Week 1: Keto Plan : Recipe #1
Click the images below to see full recipe card for this meal.
Ingredients and Nutritional Information
After evaluating the ingredients in this recipe, I would classify this as a less strict keto and definitely a low carb high fat recipe. The reason is that stricter keto followers would not use tomato and onions or at least not in this quantity. If you are doing keto for weight loss instead of keto for health, this may not be a concern. Additionally, the dressing gets its sweetness using a very small amount of coconut nectar which is not recognized as a keto approved sweetener. However, the amount of coconut nectar is small and for me, it was allowable. If I were to recreate the dressing, I would substitute the coconut nectar for an approved keto sweetener (e.g. liquid stevia, sweetleaf, erythritol).
Recreating the Dressing
I have a recipe from Sunset Wines for a Champagne Vinaigrette that my family really likes.
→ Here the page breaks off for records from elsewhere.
(* Let $A$ be a finite set, $n\in\mathbb N$, $\nu\in\Pr(A)$, $\mu\in\Pr(A^n)$, and $\delta:=\overline{d_n}(\mu,\nu^{\times n})$. Then $\mathrm{TC}(\mu)\le2\big(\mathrm H(\delta,1-\delta)+\delta\log|A|\big)n$.
   Context: $\overline{d_n}$ is the transportation metric on $\Pr(A^n)$ associated with the normalized Hamming metric $d_n(\mathbf a,\mathbf a')=|\{i:a_i\ne a'_i\}|/n$: $\overline{d_n}(\mu,\nu)=\inf\{\int d_n\,d\lambda:\lambda\text{ a coupling of }\mu,\nu\}$. $\mathrm{TC}(\mu)=\sum_i\mathrm H(\mu_{\{i\}})-\mathrm H(\mu)$ with $\mu_{\{i\}}$ the marginals; $\mathrm H(\delta,1-\delta)$ is the binary Shannon entropy; logarithms are natural. *)

theory Defs
  imports "HOL-Analysis.Analysis"
begin

text \<open>A^n is represented as the set of lists of length n over the finite type 'a.\<close>
definition words :: "nat \<Rightarrow> 'a list set" where
  "words n = {xs. length xs = n}"

definition is_dist :: "'b set \<Rightarrow> ('b \<Rightarrow> real) \<Rightarrow> bool" where
  "is_dist S p \<longleftrightarrow> (\<forall>x\<in>S. p x \<ge> 0) \<and> (\<Sum>x\<in>S. p x) = 1"

definition hamming :: "nat \<Rightarrow> 'a list \<Rightarrow> 'a list \<Rightarrow> real" where
  "hamming n xs ys = real (card {i. i < n \<and> xs ! i \<noteq> ys ! i}) / real n"

definition coupling :: "nat \<Rightarrow> ('a list \<Rightarrow> real) \<Rightarrow> ('a list \<Rightarrow> real)
    \<Rightarrow> ('a list \<times> 'a list \<Rightarrow> real) \<Rightarrow> bool" where
  "coupling n mu nu lam \<longleftrightarrow> is_dist (words n \<times> words n) lam
     \<and> (\<forall>xs\<in>words n. (\<Sum>ys\<in>words n. lam (xs, ys)) = mu xs)
     \<and> (\<forall>ys\<in>words n. (\<Sum>xs\<in>words n. lam (xs, ys)) = nu ys)"

definition dbar :: "nat \<Rightarrow> ('a list \<Rightarrow> real) \<Rightarrow> ('a list \<Rightarrow> real) \<Rightarrow> real" where
  "dbar n mu nu = Inf {(\<Sum>p\<in>words n \<times> words n. lam p * hamming n (fst p) (snd p)) | lam.
                        coupling n mu nu lam}"

text \<open>Shannon entropy (natural log; ln 0 = 0 in Isabelle so 0 ln 0 = 0).\<close>
definition entropy :: "'b set \<Rightarrow> ('b \<Rightarrow> real) \<Rightarrow> real" where
  "entropy S p = - (\<Sum>x\<in>S. p x * ln (p x))"

definition marginal :: "nat \<Rightarrow> ('a list \<Rightarrow> real) \<Rightarrow> nat \<Rightarrow> 'a \<Rightarrow> real" where
  "marginal n mu i a = (\<Sum>xs\<in>{xs\<in>words n. xs ! i = a}. mu xs)"

definition total_correlation :: "nat \<Rightarrow> ('a::finite list \<Rightarrow> real) \<Rightarrow> real" where
  "total_correlation n mu = (\<Sum>i<n. entropy UNIV (marginal n mu i)) - entropy (words n) mu"

definition iid_power :: "nat \<Rightarrow> ('a \<Rightarrow> real) \<Rightarrow> 'a list \<Rightarrow> real" where
  "iid_power n nu xs = (\<Prod>i<n. nu (xs ! i))"

definition binary_entropy :: "real \<Rightarrow> real" where
  "binary_entropy d = - d * ln d - (1 - d) * ln (1 - d)"

end

theory Submission
  imports Defs "HOL-Real_Asymp.Real_Asymp"
begin

text \<open>Let \<open>\<lambda>\<close> be a coupling of \<open>\<mu>\<close> and \<open>\<nu>\<^sup>n\<close> with expected normalised Hamming
  distance \<open>c\<close>, and let \<open>r(a,b)\<close> be \<open>1 - c\<close> for \<open>a = b\<close> and \<open>c/|A|\<close> otherwise, a
  subprobability kernel on \<open>A\<close>. Gibbs' inequality, applied along \<open>\<lambda>\<close>, gives
  \<open>H(\<mu>\<^sub>i) \<le> H(\<nu>) + E[-ln r(x\<^sub>i,y\<^sub>i)]\<close> for each coordinate and
  \<open>H(\<nu>\<^sup>n) \<le> H(\<mu>) + E[-\<Sum>\<^sub>i ln r(x\<^sub>i,y\<^sub>i)]\<close> for the whole word, and the latter expectation
  is exactly \<open>n (H(c,1-c) + c ln |A|)\<close>. As \<open>H(\<nu>\<^sup>n) = n H(\<nu>)\<close>, the two bounds add up to
  \<open>TC(\<mu>) \<le> 2n (H(c,1-c) + c ln |A|)\<close>. The right-hand side is continuous in \<open>c \<in> [0,1]\<close>, so the
  bound survives passing to the infimum over couplings, which is \<open>\<delta>\<close>.\<close>

lemma finite_words [simp]: "finite (words n :: 'a::finite list set)"
proof -
  have "finite {xs. set xs \<subseteq> (UNIV :: 'a set) \<and> length xs = n}"
    by (rule finite_lists_length_eq) simp
  then show ?thesis
    unfolding words_def by simp
qed

lemma words_Suc: "words (Suc n) = (\<lambda>(a, ys). a # ys) ` (UNIV \<times> words n)"
  unfolding words_def by (auto simp: length_Suc_conv image_iff)
lemma linear_involution_image_iso_quot:
  assumes f: "linear_involution f" and X: "iso_quot sm X"
  shows "iso_quot sm (f ` X)"
proof -
  obtain g where g: "bij_betw g X (range (\<lambda>v. coset v X))"
    and g_add: "\<forall>a\<in>X. \<forall>b\<in>X. \<forall>x y. g a = coset x X \<and> g b = coset y X \<longrightarrow> g (a + b) = coset (x + y) X"
    and g_sm: "\<forall>c. \<forall>a\<in>X. \<forall>x. g a = coset x X \<longrightarrow> g (sm c a) = coset (sm c x) X"
    using X unfolding iso_quot_def by blast
  define g' where "g' = (\<lambda>a. f ` g (f a))"
  have "bij_betw f (f ` X) X"
    using linear_involution_bij_betw[OF f, of "f ` X"] by (simp add: linear_involution_image_image[OF f])
  then have bij: "bij_betw g' (f ` X) (range (\<lambda>v. coset v (f ` X)))"
    unfolding g'_def using bij_betw_trans[OF bij_betw_trans[OF _ g] linear_involution_image_cosets[OF f]]
    by (simp add: comp_def)
  have g'_coset: "g (f a) = coset (f x) X" if "g' a = coset x (f ` X)" for a x
  proof -
    have "f ` f ` g (f a) = f ` coset x (f ` X)" using that unfolding g'_def by simp
    then show ?thesis
      by (simp add: linear_involution_image_coset[OF f] linear_involution_image_image[OF f]
          linear_involution_involutive[OF f])
  qed
  have coset_g': "g (f a) = coset (f x) X \<Longrightarrow> g' a = coset x (f ` X)" for a x
    unfolding g'_def by (simp add: linear_involution_image_coset[OF f] linear_involution_involutive[OF f])
  have "g' (a + b) = coset (x + y) (f ` X)"
    if "a \<in> f ` X" "b \<in> f ` X" "g' a = coset x (f ` X)" "g' b = coset y (f ` X)" for a b x y
  proof (rule coset_g')
    have "f a \<in> X" "f b \<in> X" using that(1,2) linear_involution_mem_image_iff[OF f] by blast+
    moreover have "g (f a) = coset (f x) X" "g (f b) = coset (f y) X" using that(3,4) g'_coset by blast+
    ultimately have "g (f a + f b) = coset (f x + f y) X" using g_add by blast
    then show "g (f (a + b)) = coset (f (x + y)) X" by (simp add: linear_involution_add[OF f])
  qed
  moreover have "g' (sm c a) = coset (sm c x) (f ` X)"
    if "a \<in> f ` X" "g' a = coset x (f ` X)" for c a x
  proof (rule coset_g')
    have "f a \<in> X" using that(1) linear_involution_mem_image_iff[OF f] by blast
    moreover have "g (f a) = coset (f x) X" using that(2) g'_coset by blast
    ultimately have "g (sm c (f a)) = coset (sm c (f x)) X" using g_sm by blast
    then show "g (f (sm c a)) = coset (f (sm c x)) X" by (simp add: linear_involution_sm[OF f])
  qed
  ultimately show ?thesis unfolding iso_quot_def using bij by blast
qed

lemma linear_involution_image_calG:
  "linear_involution f \<Longrightarrow> X \<in> calG sm \<Longrightarrow> f ` X \<in> calG sm"
  unfolding calG_def
  using linear_involution_image_subspace linear_involution_image_iso_quot by blast

section \<open>The Grassmann graph\<close>

lemma distant_commute: "distant X Y \<longleftrightarrow> distant Y X"
  unfolding distant_def by (simp add: set_sum_commute Int_commute)

lemma adjacent_commute: "adjacent sm X Y \<longleftrightarrow> adjacent sm Y X"
  unfolding adjacent_def by (simp add: set_sum_commute conj_commute)

lemma bij_betw_complement_cosets:
  assumes P: "lvs_subspace sm P" and Q: "lvs_subspace sm Q" and PQ: "distant P Q"
  shows "bij_betw (\<lambda>q. coset q P) Q (range (\<lambda>v. coset v P))"
proof (rule bij_betw_imageI)
  show "inj_on (\<lambda>q. coset q P) Q"
  proof (rule inj_onI)
    fix x y assume "x \<in> Q" "y \<in> Q" "coset x P = coset y P"
    then have "x - y \<in> P \<inter> Q" using coset_eq_iff[OF P] subspace_diff[OF Q] by blast
    then show "x = y" using PQ unfolding distant_def by simp
  qed
  show "(\<lambda>q. coset q P) ` Q = range (\<lambda>v. coset v P)"
  proof
    show "range (\<lambda>v. coset v P) \<subseteq> (\<lambda>q. coset q P) ` Q"
    proof
      fix S assume "S \<in> range (\<lambda>v. coset v P)"
      then obtain v where S: "S = coset v P" by blast
      obtain p q where "p \<in> P" "q \<in> Q" "v = p + q"
        using PQ unfolding distant_def set_sum_def by blast
      then have "S = coset q P" unfolding S using coset_eq_iff[OF P] by simp
      with \<open>q \<in> Q\<close> show "S \<in> (\<lambda>q. coset q P) ` Q" by blast
    qed
  qed blast
qed

(* The isomorphism P \<rightarrow> V/P is x \<mapsto> t x + P: t maps P onto the complement Q,
   which the projection identifies with V/P. *)
lemma iso_quot_if_involution_swaps_complement:
  assumes P: "lvs_subspace sm P" and PQ: "distant P Q"
    and t: "linear_involution t" and tP: "t ` P = Q"
  shows "iso_quot sm P"
proof -
  define g where "g = (\<lambda>x. coset (t x) P)"
  have g_eq_iff: "g a = coset x P \<longleftrightarrow> t a - x \<in> P" for a x
    unfolding g_def by (rule coset_eq_iff[OF P])
  have "lvs_subspace sm Q" using linear_involution_image_subspace[OF t P] tP by simp
  then have "bij_betw ((\<lambda>q. coset q P) \<circ> t) P (range (\<lambda>v. coset v P))"
    using linear_involution_bij_betw[OF t, of P] bij_betw_complement_cosets[OF P _ PQ] tP
    by (blast intro: bij_betw_trans)
  then have "bij_betw g P (range (\<lambda>v. coset v P))" by (simp add: g_def comp_def)
  moreover have "g (a + b) = coset (x + y) P"
    if "a \<in> P" "b \<in> P" "g a = coset x P" "g b = coset y P" for a b x y
  proof -
    have "(t a - x) + (t b - y) \<in> P" using that g_eq_iff subspace_add[OF P] by blast
    then show ?thesis by (simp add: g_eq_iff linear_involution_add[OF t] algebra_simps)
  qed
  moreover have "g (sm c a) = coset (sm c x) P" if "a \<in> P" "g a = coset x P" for c a x
  proof -
    have "sm c (t a - x) \<in> P" using that g_eq_iff subspace_sm[OF P] by blast
    then show ?thesis by (simp add: g_eq_iff linear_involution_sm[OF t] sm_diff_right)
  qed
  ultimately show ?thesis unfolding iso_quot_def by blast
qed

lemma calG_if_involution_swaps_complement:
  assumes "lvs_subspace sm P" "distant P Q" "linear_involution t" "t ` P = Q"
  shows "P \<in> calG sm"
  using iso_quot_if_involution_swaps_complement[OF assms] assms(1) unfolding calG_def by blast

lemma quot_dim_one_subset_span_insert:
  assumes "quot_dim_one sm W Y"
  obtains u where "W \<subseteq> lvs_span sm (insert u Y)"
proof -
  obtain u where "\<forall>w\<in>W. \<exists>c. w - sm c u \<in> Y"
    using assms unfolding quot_dim_one_def by (elim conjE bexE)
  have "W \<subseteq> lvs_span sm (insert u Y)"
  proof
    fix w assume "w \<in> W"
    then obtain c where "w - sm c u \<in> Y" using \<open>\<forall>w\<in>W. _\<close> by blast
    then have "w - sm c u \<in> lvs_span sm (insert u Y)" "sm c u \<in> lvs_span sm (insert u Y)"
      using span_superset subspace_sm[OF subspace_span] by blast+
    then show "w \<in> lvs_span sm (insert u Y)" using subspace_add[OF subspace_span] by fastforce
  qed
  then show ?thesis by (rule that)
qed

(* Each step along an adjacency adds one vector to F. *)
lemma grassmann_component_finite_extension:
  assumes "X \<in> graph_component (calG sm) (adjacent sm) P"
  shows "\<exists>F. finite F \<and> P \<subseteq> lvs_span sm (X \<union> F)"
  using assms
proof (induction rule: graph_component_induct)
  case base
  have "P \<subseteq> lvs_span sm (P \<union> {})" using span_superset by blast
  then show ?case by blast
next
  case (step Y Z)
  then obtain F where F: "finite F" "P \<subseteq> lvs_span sm (Y \<union> F)" by blast
  obtain u where u: "set_sum Y Z \<subseteq> lvs_span sm (insert u Z)"
    using step(4) unfolding adjacent_def by (elim conjE quot_dim_one_subset_span_insert)
  have "Y \<subseteq> set_sum Y Z"
    using step(3) subset_set_sum_left subspace_0 unfolding calG_def by blast
  also have "\<dots> \<subseteq> lvs_span sm (Z \<union> insert u F)"
    using u span_mono[of "insert u Z" "Z \<union> insert u F"] by blast
  finally have "lvs_span sm (Y \<union> F) \<subseteq> lvs_span sm (Z \<union> insert u F)"
    using span_superset[of "Z \<union> insert u F"] by (intro span_subset_span) blast
  then show ?case using F by blast
qed

lemma grassmann_automorphism_not_distant_preserving:
  assumes P: "P \<in> calG sm" and Q: "Q \<in> calG sm" and PQ: "distant P Q"
    and f: "linear_involution f" and adj: "adjacent sm P (f ` P)" and not_distant: "\<not> distant (f ` P) Q"
    and no_extension: "\<And>F. finite F \<Longrightarrow> \<not> P \<subseteq> lvs_span sm (Q \<union> F)"
  shows "\<exists>\<phi>. bij_betw \<phi> (calG sm) (calG sm) \<and>
           (\<forall>X\<in>calG sm. \<forall>Y\<in>calG sm. adjacent sm X Y \<longleftrightarrow> adjacent sm (\<phi> X) (\<phi> Y)) \<and>
           (\<exists>P\<in>calG sm. \<exists>Q\<in>calG sm. distant P Q \<and> \<not> distant (\<phi> P) (\<phi> Q))"
proof -
  let ?C = "graph_component (calG sm) (adjacent sm) P"
  define \<phi> where "\<phi> = (\<lambda>X. if X \<in> ?C then f ` X else X)"
  have "\<And>X Y. adjacent sm X Y \<Longrightarrow> adjacent sm Y X" using adjacent_commute by blast
  then have automorphism: "bij_betw \<phi> (calG sm) (calG sm) \<and>
      (\<forall>X\<in>calG sm. \<forall>Y\<in>calG sm. adjacent sm X Y \<longleftrightarrow> adjacent sm (\<phi> X) (\<phi> Y))"
    unfolding \<phi>_def
    by (rule graph_automorphism_on_component[of "adjacent sm" "calG sm" "(`) f" P,
          OF _ linear_involution_image_calG[OF f]
          linear_involution_image_image[OF f] linear_involution_image_adjacent[OF f] P adj])
  have "Q \<notin> ?C" using grassmann_component_finite_extension no_extension by blast
  then have "distant P Q \<and> \<not> distant (\<phi> P) (\<phi> Q)"
    using PQ not_distant graph_component_self by (simp add: \<phi>_def)
  then have "\<exists>P\<in>calG sm. \<exists>Q\<in>calG sm. distant P Q \<and> \<not> distant (\<phi> P) (\<phi> Q)"
    using P Q by blast
  with automorphism show ?thesis by blast
qed

end
lemma Delta_set: "c \<in> carrier C \<Longrightarrow> set (\<Delta> c) \<subseteq> carrier C \<times> carrier C"
  using coring unfolding coring_def by blast
lemma eps_closed[simp]: "c \<in> carrier C \<Longrightarrow> \<epsilon> c \<in> carrier R"
  using coring unfolding coring_def by blast
lemma Delta_add: "c \<in> carrier C \<Longrightarrow> d \<in> carrier C \<Longrightarrow> tens2_eq R C (\<Delta> (c \<oplus>\<^bsub>C\<^esub> d)) (\<Delta> c @ \<Delta> d)"
  using coring unfolding coring_def by blast
lemma eps_add: "c \<in> carrier C \<Longrightarrow> d \<in> carrier C \<Longrightarrow> \<epsilon> (c \<oplus>\<^bsub>C\<^esub> d) = \<epsilon> c \<oplus>\<^bsub>R\<^esub> \<epsilon> d"
  using coring unfolding coring_def by blast
lemma Delta_sm: "r \<in> carrier R \<Longrightarrow> c \<in> carrier C \<Longrightarrow>
   tens2_eq R C (\<Delta> (r \<odot>\<^bsub>C\<^esub> c)) (map (\<lambda>(a, b). (r \<odot>\<^bsub>C\<^esub> a, b)) (\<Delta> c))"
  using coring unfolding coring_def by blast
lemma eps_sm: "r \<in> carrier R \<Longrightarrow> c \<in> carrier C \<Longrightarrow> \<epsilon> (r \<odot>\<^bsub>C\<^esub> c) = r \<otimes>\<^bsub>R\<^esub> \<epsilon> c"
  using coring unfolding coring_def by blast
lemma eps_rm: "r \<in> carrier R \<Longrightarrow> c \<in> carrier C \<Longrightarrow> \<epsilon> (rmult C c r) = \<epsilon> c \<otimes>\<^bsub>R\<^esub> r"
  using coring unfolding coring_def by blast
lemma counit: "c \<in> carrier C \<Longrightarrow> lsum C (map (\<lambda>(a, b). \<epsilon> a \<odot>\<^bsub>C\<^esub> b) (\<Delta> c)) = c"
  using coring unfolding coring_def by blast

lemma eps_zero[simp]: "\<epsilon> \<zero>\<^bsub>C\<^esub> = \<zero>\<^bsub>R\<^esub>"
  by (rule R.idem_zero) (simp, metis eps_add C.zero_closed C.l_zero)

lemma eps_lsum: "set xs \<subseteq> carrier C \<Longrightarrow> \<epsilon> (lsum C xs) = lsum R (map \<epsilon> xs)"
  by (rule lsum_hom) (auto simp: eps_add C.abelian_monoid_axioms R.abelian_monoid_axioms)

lemma ldual_closed[simp]: "f \<in> ldual R C \<Longrightarrow> c \<in> carrier C \<Longrightarrow> f c \<in> carrier R"
  unfolding ldual_def by blast
lemma ldual_add: "f \<in> ldual R C \<Longrightarrow> c \<in> carrier C \<Longrightarrow> d \<in> carrier C \<Longrightarrow> f (c \<oplus>\<^bsub>C\<^esub> d) = f c \<oplus>\<^bsub>R\<^esub> f d"
  unfolding ldual_def by blast
lemma ldual_sm: "f \<in> ldual R C \<Longrightarrow> r \<in> carrier R \<Longrightarrow> c \<in> carrier C \<Longrightarrow> f (r \<odot>\<^bsub>C\<^esub> c) = r \<otimes>\<^bsub>R\<^esub> f c"
  unfolding ldual_def by blast
lemma ldual_zero[simp]: "f \<in> ldual R C \<Longrightarrow> f \<zero>\<^bsub>C\<^esub> = \<zero>\<^bsub>R\<^esub>"
  by (rule R.idem_zero) (simp, metis ldual_add C.zero_closed C.l_zero)
lemma ldualI:
  assumes "f \<in> extensional (carrier C)" "\<And>c. c \<in> carrier C \<Longrightarrow> f c \<in> carrier R"
    "\<And>c d. c \<in> carrier C \<Longrightarrow> d \<in> carrier C \<Longrightarrow> f (c \<oplus>\<^bsub>C\<^esub> d) = f c \<oplus>\<^bsub>R\<^esub> f d"
    "\<And>r c. r \<in> carrier R \<Longrightarrow> c \<in> carrier C \<Longrightarrow> f (r \<odot>\<^bsub>C\<^esub> c) = r \<otimes>\<^bsub>R\<^esub> f c"
  shows "f \<in> ldual R C"
  using assms unfolding ldual_def by blast
(* Let $N\ge3$ and suppose $\boldsymbol{\mathfrak h}\notin\mathrm{col}(C)$. Consider the optimization problem: maximize $\boldsymbol{\mathfrak b}\cdot\boldsymbol{\mathfrak h}$ over $\boldsymbol{\mathfrak b}\in\mathbb{R}^N$ subject to $\|\boldsymbol{\mathfrak b}\|_\infty\le1$ and $\boldsymbol{\mathfrak b}\perp\mathrm{col}(C)$. Then its optimal value equals $\min_{\mathbf v\in\mathrm{col}(C)}\|\boldsymbol{\mathfrak h}-\mathbf v\|_1 = 2\min_{S\in\mathfrak{S}}\|H-S\|$ (operator norm). Moreover, if $\boldsymbol{\mathfrak b}^\diamond$ is an optimal solution and $\boldsymbol\theta=\tfrac12\arccos\boldsymbol{\mathfrak b}^\diamond$ (entrywise), then the dephasing code associated with $\boldsymbol\theta$ satisfies $PSP\in\mathbb{R}P$ for all $S\in\mathfrak{S}$, $\langle0_L|H|1_L\rangle=0$, and $\langle0_L|H|0_L\rangle-\langle1_L|H|1_L\rangle=\boldsymbol{\mathfrak h}\cdot\boldsymbol{\mathfrak b}^\diamond=\min_{\mathbf v\in\mathrm{col}(C)}\|\boldsymbol{\mathfrak h}-\mathbf v\|_1>0$. Hence the state $\tfrac1{\sqrt2}(|0_L\rangle+|1_L\rangle)$ evolving under $\omega PHP$ for time $t$ has quantum Fisher information $t^2\min_{\mathbf v\in\mathrm{col}(C)}\|\boldsymbol{\mathfrak h}-\mathbf v\|_1^2=4t^2\min_{S\in\mathfrak S}\|H-S\|^2$.
   Context: Qubits $1,\dots,N$; $Z_j$, $X_j$ denote the Pauli $Z$, $X$ operators on qubit $j$ of $(\mathbb{C}^2)^{\otimes N}$. For $\mathbf v\in\mathbb{R}^N$, $\mathbf v\cdot\mathbf Z:=\sum_j v_jZ_j$. Dephasing model: $\boldsymbol{\mathfrak h}\in\mathbb{R}^N$, $H=\tfrac12\boldsymbol{\mathfrak h}\cdot\mathbf Z$; $C$ is a real symmetric positive semidefinite $N\times N$ matrix with orthonormal eigenvectors $\mathbf v_1,\dots,\mathbf v_N$ and eigenvalues $\lambda_1,\dots,\lambda_N\ge0$; $L_j=\sqrt{\lambda_j}\,\mathbf v_j\cdot\mathbf Z$; $\mathrm{col}(C)$ is the column space of $C$; the Lindblad span $\mathfrak{S}$ is the real span of $I$, all $L_i$ and all $L_iL_j$. Dephasing code for $\boldsymbol\theta\in\mathbb{R}^N$: $|0_L\rangle=\bigotimes_{j=1}^N(\cos\theta_j|0\rangle+i\sin\theta_j|1\rangle)$, $|1_L\rangle=X^{\otimes N}|0_L\rangle$, $P=|0_L\rangle\langle0_L|+|1_L\rangle\langle1_L|$. $\|\cdot\|_1,\|\cdot\|_\infty$ are the $\ell^1$ and max norms on $\mathbb{R}^N$. For a pure state $|\psi\rangle$ under Hamiltonian $\omega K$ for time $t$, the quantum Fisher information is $4t^2(\langle\psi|K^2|\psi\rangle-\langle\psi|K|\psi\rangle^2)$. *)

theory Defs
  imports "HOL-Analysis.Analysis"
begin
I would use this if I were to make this salad again.
- 1 Tablespoon minced shallot (1 large shallot)
- 3 Tablespoon Champagne vinegar
- 1 Tablespoon Dijon mustard
- 10 Tablespoon extra-virgin olive oil
- 1 teaspoon each finely chopped fresh tarragon and flat lead parsley
- 1 teaspoon kosher salt
Directions: Whisk together shallots, vinegar, and dijon mustard. Add extra-virgin olive oil whisking then whisk in finely chopped fresh tarragon and flat-leadf parsley, plus kosher salt. Makes about 1 cup
PER TBSP: 77 cals
Fat: 8.8 g fat
0.2 g carbs
Depending on your macros, you can adjust the amount of eggs or avocado or dressing to meet your macros. If you don’t eat pork, find the best alternative you can that aligns with your keto goals.
Contents of Meal Prep Bag
Delicious! I would make this again and again! Super simple, the dressing can be simple or as complicated as you want. Change around the vinegar to change the flavors and enjoy!
Notes: We weren’t sure if this would be enough food for us but the avocado and eggs made it very filling and satisfying.